Campers learn fire safety

October 07, 2004|by JANET HEIM

MAUGANSVILLE - Lt. Joe Goodrich of the Maugansville Goodwill Volunteer Fire Co. has been working with his 4-year-old daughter, Lorrie, since she was 3, practicing fire drills and teaching her what to do in case of a fire.

Convinced that it's better to start educating children - along with their parents - about safety sooner rather than later, the Maugansville fire company hosted close to 50 children and about 20 parents for their three-night Safety Camp program.

"As a parent, it helps you sleep at night if your children know what to do in an emergency," said Goodrich, the Fire Prevention Committee chairman for Maugansville.


Goodrich, along with several other members of his committee, spearheaded the safety camp program after a fire prevention seminar he attended at the University of Maryland this summer triggered the idea.

Maugansville's program is going to be added to the curriculum at the National Fire Academy in Emmitsburg, Md., as a model for other fire stations.

"It's pretty impressive that our little town could generate so much interest," said Maugansville Fire Chief Phil Ridenour.

The first safety camp was held in June and Goodrich hopes to hold the camp twice a year in the future.

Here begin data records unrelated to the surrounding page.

lemma distR_bal:
  "distR (bal q P N) t = distR (bal 0 P N) t + (1 / pi) * (\<Sum>k=1..q. Im_moment k * t ^ k / real k)"
proof (cases "0 \<le> t")
  case True
  let ?A = "complex_of_real ` {0..t}"
  have A: "?A \<in> sets borel" "bounded ?A"
    by (simp_all add: of_real_image_borel bounded_of_real_image)
  have "Im_moment k * (LINT s:rtrace ?A|lborel. s ^ (k - 1)) = Im_moment k * t ^ k / real k"
    if "k \<in> {1..q}" for k
    using set_integral_power_interval[OF True, of k] that by simp
  then show ?thesis
    using True by (simp add: distR_def bal_eq[OF A] del: rtrace_of_real_image)
next
  case False
  let ?A = "complex_of_real ` {t..<0}"
  have A: "?A \<in> sets borel" "bounded ?A"
    by (simp_all add: of_real_image_borel bounded_of_real_image)
  have "Im_moment k * (LINT s:rtrace ?A|lborel. s ^ (k - 1)) = - (Im_moment k * t ^ k / real k)"
    if "k \<in> {1..q}" for k
    using set_integral_power_atLeastLessThan[of t 0 k] that False by (simp add: power_0_left)
  then show ?thesis
    using False by (simp add: distR_def bal_eq[OF A] sum_negf del: rtrace_of_real_image)
qed

lemma tot_var_bal_le:
  assumes B: "B \<in> sets borel" "bounded B"
  shows "tot_var (bal q P N) B \<le> tot_var (bal 0 P N) B + ereal (correction B)"
proof (rule tot_var_le_add)
  fix A assume "A \<in> sets borel" "A \<subseteq> B"
  then show "\<bar>bal q P N A\<bar> \<le> \<bar>bal 0 P N A\<bar> + correction A"
    using abs_bal_diff_le bounded_subset[OF B(2)] by fastforce
qed (use sum_correction_le B in auto)

lemma bal_0_nonneg:
  assumes nonneg: "\<forall>B\<in>sets borel. 0 \<le> chg P N B" and A: "A \<in> sets borel" "bounded A"
  shows "0 \<le> bal 0 P N A"
proof -
  have "(LINT z:Cup|N. omega z A) = 0"
    using nonneg_charge_lower_null[OF jordan nonneg] unfolding set_lebesgue_integral_def
    by (intro integral_eq_zero_AE) (auto elim: AE_mp)
  moreover have "0 \<le> (LINT z:Cup|P. omega z A)"
    unfolding set_lebesgue_integral_def
    by (rule Bochner_Integration.integral_nonneg) (use omega_bounds(1)[OF A] in \<open>auto simp: indicator_def Cup_def\<close>)
  moreover have "0 \<le> chg P N (A \<inter> Clw)"
    using nonneg A(1) Cup_borel by (auto simp: Clw_def)
  ultimately show ?thesis by (simp add: bal_def cint_def)
qed

lemma neg_var_bal_le:
  assumes nonneg: "\<forall>B\<in>sets borel. 0 \<le> chg P N B" and B: "B \<in> sets borel" "bounded B"
  shows "neg_var (bal q P N) B \<le> ereal (correction B)"
  unfolding neg_var_def
proof (rule SUP_least)
  fix A assume "A \<in> {A. A \<in> sets borel \<and> A \<subseteq> B}"
  then have A: "A \<in> sets borel" "bounded A" "A \<subseteq> B" using bounded_subset[OF B(2)] by auto
  have "- bal q P N A \<le> correction A"
    using abs_bal_diff_le[OF A(1,2)] bal_0_nonneg[OF nonneg A(1,2)] by linarith
  also have "\<dots> \<le> correction B"
    using sum_correction_le[of "{A}" B] A B by (simp add: disjoint_def)
  finally show "ereal (- bal q P N A) \<le> ereal (correction B)" by simp
qed

end

theorem mainTheorem8:
  fixes P N :: "complex measure" and q :: nat
  assumes charge: "jordan_charge P N"
    and supp: "compact_support P N"
    and conv: "\<exists>r0>0. \<forall>k\<in>{1..q}.
        set_integrable P (ball 0 r0 \<inter> Cup) (\<lambda>z. Im (1 / z ^ k)) \<and>
        set_integrable N (ball 0 r0 \<inter> Cup) (\<lambda>z. Im (1 / z ^ k))"
  shows "(\<forall>t::real. distR (bal q P N) t =
            distR (bal 0 P N) t +
            (1 / pi) * (\<Sum>k=1..q. cint P N Cup (\<lambda>z. Im (1 / z ^ k)) * t ^ k / real k))
       \<and> (\<forall>B. B \<in> sets borel \<and> bounded B \<longrightarrow>
            pos_var (bal q P N) B \<le> tot_var (bal q P N) B \<and>
            tot_var (bal q P N) B \<le> tot_var (bal 0 P N) B +
              ereal ((1 / pi) * (\<Sum>k=1..q. \<bar>cint P N Cup (\<lambda>z. Im (1 / z ^ k))\<bar> * lam k B)))
       \<and> ((\<forall>B\<in>sets borel. 0 \<le> chg P N B) \<longrightarrow>
          (\<forall>B. B \<in> sets borel \<and> bounded B \<longrightarrow>
            neg_var (bal q P N) B \<le>
              ereal ((1 / pi) * (\<Sum>k=1..q. \<bar>cint P N Cup (\<lambda>z. Im (1 / z ^ k))\<bar> * lam k B))))"
proof -
  from conv obtain r0 where r0: "r0 > 0" and near_0: "\<forall>k\<in>{1..q}.
      set_integrable P (ball 0 r0 \<inter> Cup) (\<lambda>z. Im (1 / z ^ k)) \<and>
      set_integrable N (ball 0 r0 \<inter> Cup) (\<lambda>z. Im (1 / z ^ k))" by blast
  interpret balayage_charge P N q
  proof
    show "jordan_charge P N" by (rule charge)
    fix k assume "k \<in> {1..q}"
    then show "set_integrable P Cup (\<lambda>z. Im (1 / z ^ k))" "set_integrable N Cup (\<lambda>z. Im (1 / z ^ k))"
      using near_0 charge Cup_borel r0
      by (auto intro: set_integrable_Im_inverse_power simp: jordan_charge_def)
  qed
  show ?thesis
    using distR_bal pos_var_le_tot_var tot_var_bal_le neg_var_bal_le by blast
qed

end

The program, which was free, was geared to children ages 3 to 10 and their parents, with separate programs for the preschool-age children and older children.

The younger children got to see the fire trucks and their tools up close, while learning about basic safety. The focus was on easing their fears of emergency vehicles and workers. The youngsters also participated in the Sesame Street Fire Safety program.

The older children learned basic first aid and how to get help. The Washington County Sheriff's Department presented a program on trick-or-treat and outdoor safety and the Washington County Safe Kids Coalition talked about gun safety.

Both groups learned about the "stop, drop and roll" technique to be used if you're on fire, learned about and prepared home escape plans and got to see an actual car fire demonstration. The child with the best escape plan was awarded a pizza dinner for their family with the firefighters at the station.

Each child participating received a T-shirt and certificate.

"Members of Team 13 are able to put on programs like this and save lives because they work so well together," Ridenour said. "It's a very worthwhile program."

Goodrich said they've applied for $28,000 through the Federal Emergency Management Agency's Assistance to Firefighters Fund to enhance the program with more visuals, including a robot with Sparky the Dog. Goodrich is also hoping to add an actual computerized house with keypad that offers questions and answers about fire safety.